Records contained in a dataset

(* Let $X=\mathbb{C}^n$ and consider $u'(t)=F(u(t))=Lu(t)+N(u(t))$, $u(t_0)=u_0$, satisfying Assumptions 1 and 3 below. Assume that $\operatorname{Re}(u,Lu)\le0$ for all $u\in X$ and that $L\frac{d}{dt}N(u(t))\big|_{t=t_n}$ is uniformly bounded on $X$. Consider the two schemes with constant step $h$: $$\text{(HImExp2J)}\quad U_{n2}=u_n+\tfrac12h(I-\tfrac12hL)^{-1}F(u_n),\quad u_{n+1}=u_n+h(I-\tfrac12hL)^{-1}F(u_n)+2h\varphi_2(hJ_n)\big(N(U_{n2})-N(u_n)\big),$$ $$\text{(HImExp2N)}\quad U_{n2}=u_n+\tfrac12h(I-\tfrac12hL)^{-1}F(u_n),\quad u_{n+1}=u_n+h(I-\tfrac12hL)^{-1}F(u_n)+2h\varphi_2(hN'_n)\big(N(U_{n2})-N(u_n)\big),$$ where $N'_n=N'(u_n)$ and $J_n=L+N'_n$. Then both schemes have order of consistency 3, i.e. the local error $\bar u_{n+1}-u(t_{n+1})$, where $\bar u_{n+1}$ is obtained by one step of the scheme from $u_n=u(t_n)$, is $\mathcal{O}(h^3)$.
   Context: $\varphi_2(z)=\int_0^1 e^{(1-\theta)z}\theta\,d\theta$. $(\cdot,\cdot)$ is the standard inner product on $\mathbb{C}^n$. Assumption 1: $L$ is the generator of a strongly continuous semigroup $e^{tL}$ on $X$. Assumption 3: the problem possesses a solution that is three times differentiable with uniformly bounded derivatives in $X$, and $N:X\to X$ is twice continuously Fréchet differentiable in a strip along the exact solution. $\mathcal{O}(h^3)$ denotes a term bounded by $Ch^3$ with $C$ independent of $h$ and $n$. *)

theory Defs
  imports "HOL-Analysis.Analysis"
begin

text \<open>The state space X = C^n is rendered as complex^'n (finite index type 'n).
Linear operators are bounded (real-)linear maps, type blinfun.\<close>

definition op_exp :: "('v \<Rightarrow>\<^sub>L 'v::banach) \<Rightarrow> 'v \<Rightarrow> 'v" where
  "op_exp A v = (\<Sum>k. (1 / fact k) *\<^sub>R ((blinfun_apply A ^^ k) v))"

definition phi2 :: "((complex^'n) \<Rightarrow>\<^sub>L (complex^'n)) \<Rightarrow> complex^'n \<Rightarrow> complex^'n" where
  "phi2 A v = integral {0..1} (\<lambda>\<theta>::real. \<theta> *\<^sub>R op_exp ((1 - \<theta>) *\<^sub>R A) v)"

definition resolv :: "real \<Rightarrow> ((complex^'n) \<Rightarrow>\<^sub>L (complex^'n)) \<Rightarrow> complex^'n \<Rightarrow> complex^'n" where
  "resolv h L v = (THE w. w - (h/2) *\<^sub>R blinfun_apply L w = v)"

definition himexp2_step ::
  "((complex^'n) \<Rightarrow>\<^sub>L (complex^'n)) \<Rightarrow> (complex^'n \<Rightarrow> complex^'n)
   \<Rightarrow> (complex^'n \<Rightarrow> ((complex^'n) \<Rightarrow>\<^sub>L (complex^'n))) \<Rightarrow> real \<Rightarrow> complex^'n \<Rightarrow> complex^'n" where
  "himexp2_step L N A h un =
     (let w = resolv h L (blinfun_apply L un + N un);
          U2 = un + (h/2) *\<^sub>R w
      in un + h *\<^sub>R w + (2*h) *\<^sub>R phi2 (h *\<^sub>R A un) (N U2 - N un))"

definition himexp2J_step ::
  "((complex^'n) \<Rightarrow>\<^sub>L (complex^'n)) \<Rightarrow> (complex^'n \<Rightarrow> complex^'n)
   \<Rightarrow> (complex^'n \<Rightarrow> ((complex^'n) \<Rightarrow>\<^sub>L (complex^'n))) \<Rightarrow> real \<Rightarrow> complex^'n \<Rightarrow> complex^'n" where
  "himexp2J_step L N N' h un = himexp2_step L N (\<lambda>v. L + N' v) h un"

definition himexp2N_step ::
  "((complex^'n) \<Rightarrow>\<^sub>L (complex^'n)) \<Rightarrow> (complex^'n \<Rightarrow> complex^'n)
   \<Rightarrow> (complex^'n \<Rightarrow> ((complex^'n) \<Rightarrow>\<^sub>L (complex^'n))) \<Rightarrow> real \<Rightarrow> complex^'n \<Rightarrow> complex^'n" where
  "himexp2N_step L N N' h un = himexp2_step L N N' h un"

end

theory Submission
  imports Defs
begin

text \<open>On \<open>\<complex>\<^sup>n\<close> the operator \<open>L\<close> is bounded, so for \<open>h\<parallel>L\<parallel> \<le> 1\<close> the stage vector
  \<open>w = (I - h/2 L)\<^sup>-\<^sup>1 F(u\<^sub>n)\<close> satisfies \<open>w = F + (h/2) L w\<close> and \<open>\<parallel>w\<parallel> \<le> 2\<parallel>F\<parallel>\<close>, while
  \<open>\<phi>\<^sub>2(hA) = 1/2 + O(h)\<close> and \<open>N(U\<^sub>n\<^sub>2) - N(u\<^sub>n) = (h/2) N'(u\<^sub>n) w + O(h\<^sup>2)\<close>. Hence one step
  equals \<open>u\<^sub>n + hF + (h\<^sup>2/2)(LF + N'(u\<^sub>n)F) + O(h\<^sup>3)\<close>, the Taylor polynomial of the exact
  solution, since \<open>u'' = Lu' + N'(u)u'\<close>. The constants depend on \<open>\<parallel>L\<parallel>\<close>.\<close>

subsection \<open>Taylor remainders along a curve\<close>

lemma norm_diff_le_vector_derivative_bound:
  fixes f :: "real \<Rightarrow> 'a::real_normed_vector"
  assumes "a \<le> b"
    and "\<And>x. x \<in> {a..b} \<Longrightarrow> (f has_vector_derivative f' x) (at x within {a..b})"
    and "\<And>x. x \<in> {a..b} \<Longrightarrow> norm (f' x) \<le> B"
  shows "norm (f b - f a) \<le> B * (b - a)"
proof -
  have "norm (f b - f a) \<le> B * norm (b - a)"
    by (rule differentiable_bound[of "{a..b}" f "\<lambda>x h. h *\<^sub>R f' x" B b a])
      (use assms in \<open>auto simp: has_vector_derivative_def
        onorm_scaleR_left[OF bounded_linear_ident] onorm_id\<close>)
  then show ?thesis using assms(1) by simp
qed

INSTRUCTIONS TO FOLLOW:
Take the entries above and write them out again unchanged.

RESULT:
(* Let $X=\mathbb{C}^n$ and consider $u'(t)=F(u(t))=Lu(t)+N(u(t))$, $u(t_0)=u_0$, satisfying Assumptions 1 and 3 below. Assume that $\operatorname{Re}(u,Lu)\le0$ for all $u\in X$ and that $L\frac{d}{dt}N(u(t))\big|_{t=t_n}$ is uniformly bounded on $X$. Consider the two schemes with constant step $h$: $$\text{(HImExp2J)}\quad U_{n2}=u_n+\tfrac12h(I-\tfrac12hL)^{-1}F(u_n),\quad u_{n+1}=u_n+h(I-\tfrac12hL)^{-1}F(u_n)+2h\varphi_2(hJ_n)\big(N(U_{n2})-N(u_n)\big),$$ $$\text{(HImExp2N)}\quad U_{n2}=u_n+\tfrac12h(I-\tfrac12hL)^{-1}F(u_n),\quad u_{n+1}=u_n+h(I-\tfrac12hL)^{-1}F(u_n)+2h\varphi_2(hN'_n)\big(N(U_{n2})-N(u_n)\big),$$ where $N'_n=N'(u_n)$ and $J_n=L+N'_n$. Then both schemes have order of consistency 3, i.e. the local error $\bar u_{n+1}-u(t_{n+1})$, where $\bar u_{n+1}$ is obtained by one step of the scheme from $u_n=u(t_n)$, is $\mathcal{O}(h^3)$.
   Context: $\varphi_2(z)=\int_0^1 e^{(1-\theta)z}\theta\,d\theta$. $(\cdot,\cdot)$ is the standard inner product on $\mathbb{C}^n$. Assumption 1: $L$ is the generator of a strongly continuous semigroup $e^{tL}$ on $X$. Assumption 3: the problem possesses a solution that is three times differentiable with uniformly bounded derivatives in $X$, and $N:X\to X$ is twice continuously Fréchet differentiable in a strip along the exact solution. $\mathcal{O}(h^3)$ denotes a term bounded by $Ch^3$ with $C$ independent of $h$ and $n$. *)

theory Defs
  imports "HOL-Analysis.Analysis"
begin

text \<open>The state space X = C^n is rendered as complex^'n (finite index type 'n).
Linear operators are bounded (real-)linear maps, type blinfun.\<close>

definition op_exp :: "('v \<Rightarrow>\<^sub>L 'v::banach) \<Rightarrow> 'v \<Rightarrow> 'v" where
  "op_exp A v = (\<Sum>k. (1 / fact k) *\<^sub>R ((blinfun_apply A ^^ k) v))"

definition phi2 :: "((complex^'n) \<Rightarrow>\<^sub>L (complex^'n)) \<Rightarrow> complex^'n \<Rightarrow> complex^'n" where
  "phi2 A v = integral {0..1} (\<lambda>\<theta>::real. \<theta> *\<^sub>R op_exp ((1 - \<theta>) *\<^sub>R A) v)"

definition resolv :: "real \<Rightarrow> ((complex^'n) \<Rightarrow>\<^sub>L (complex^'n)) \<Rightarrow> complex^'n \<Rightarrow> complex^'n" where
  "resolv h L v = (THE w. w - (h/2) *\<^sub>R blinfun_apply L w = v)"

definition himexp2_step ::
  "((complex^'n) \<Rightarrow>\<^sub>L (complex^'n)) \<Rightarrow> (complex^'n \<Rightarrow> complex^'n)
   \<Rightarrow> (complex^'n \<Rightarrow> ((complex^'n) \<Rightarrow>\<^sub>L (complex^'n))) \<Rightarrow> real \<Rightarrow> complex^'n \<Rightarrow> complex^'n" where
  "himexp2_step L N A h un =
     (let w = resolv h L (blinfun_apply L un + N un);
          U2 = un + (h/2) *\<^sub>R w
      in un + h *\<^sub>R w + (2*h) *\<^sub>R phi2 (h *\<^sub>R A un) (N U2 - N un))"

definition himexp2J_step ::
  "((complex^'n) \<Rightarrow>\<^sub>L (complex^'n)) \<Rightarrow> (complex^'n \<Rightarrow> complex^'n)
   \<Rightarrow> (complex^'n \<Rightarrow> ((complex^'n) \<Rightarrow>\<^sub>L (complex^'n))) \<Rightarrow> real \<Rightarrow> complex^'n \<Rightarrow> complex^'n" where
  "himexp2J_step L N N' h un = himexp2_step L N (\<lambda>v. L + N' v) h un"

definition himexp2N_step ::
  "((complex^'n) \<Rightarrow>\<^sub>L (complex^'n)) \<Rightarrow> (complex^'n \<Rightarrow> complex^'n)
   \<Rightarrow> (complex^'n \<Rightarrow> ((complex^'n) \<Rightarrow>\<^sub>L (complex^'n))) \<Rightarrow> real \<Rightarrow> complex^'n \<Rightarrow> complex^'n" where
  "himexp2N_step L N N' h un = himexp2_step L N N' h un"

end

theory Submission
  imports Defs
begin

text \<open>On \<open>\<complex>\<^sup>n\<close> the operator \<open>L\<close> is bounded, so for \<open>h\<parallel>L\<parallel> \<le> 1\<close> the stage vector
  \<open>w = (I - h/2 L)\<^sup>-\<^sup>1 F(u\<^sub>n)\<close> satisfies \<open>w = F + (h/2) L w\<close> and \<open>\<parallel>w\<parallel> \<le> 2\<parallel>F\<parallel>\<close>, while
  \<open>\<phi>\<^sub>2(hA) = 1/2 + O(h)\<close> and \<open>N(U\<^sub>n\<^sub>2) - N(u\<^sub>n) = (h/2) N'(u\<^sub>n) w + O(h\<^sup>2)\<close>. Hence one step
  equals \<open>u\<^sub>n + hF + (h\<^sup>2/2)(LF + N'(u\<^sub>n)F) + O(h\<^sup>3)\<close>, the Taylor polynomial of the exact
  solution, since \<open>u'' = Lu' + N'(u)u'\<close>. The constants depend on \<open>\<parallel>L\<parallel>\<close>.\<close>

subsection \<open>Taylor remainders along a curve\<close>

lemma norm_diff_le_vector_derivative_bound:
  fixes f :: "real \<Rightarrow> 'a::real_normed_vector"
  assumes "a \<le> b"
    and "\<And>x. x \<in> {a..b} \<Longrightarrow> (f has_vector_derivative f' x) (at x within {a..b})"
    and "\<And>x. x \<in> {a..b} \<Longrightarrow> norm (f' x) \<le> B"
  shows "norm (f b - f a) \<le> B * (b - a)"
proof -
  have "norm (f b - f a) \<le> B * norm (b - a)"
    by (rule differentiable_bound[of "{a..b}" f "\<lambda>x h. h *\<^sub>R f' x" B b a])
      (use assms in \<open>auto simp: has_vector_derivative_def
        onorm_scaleR_left[OF bounded_linear_ident] onorm_id\<close>)
  then show ?thesis using assms(1) by simp
qed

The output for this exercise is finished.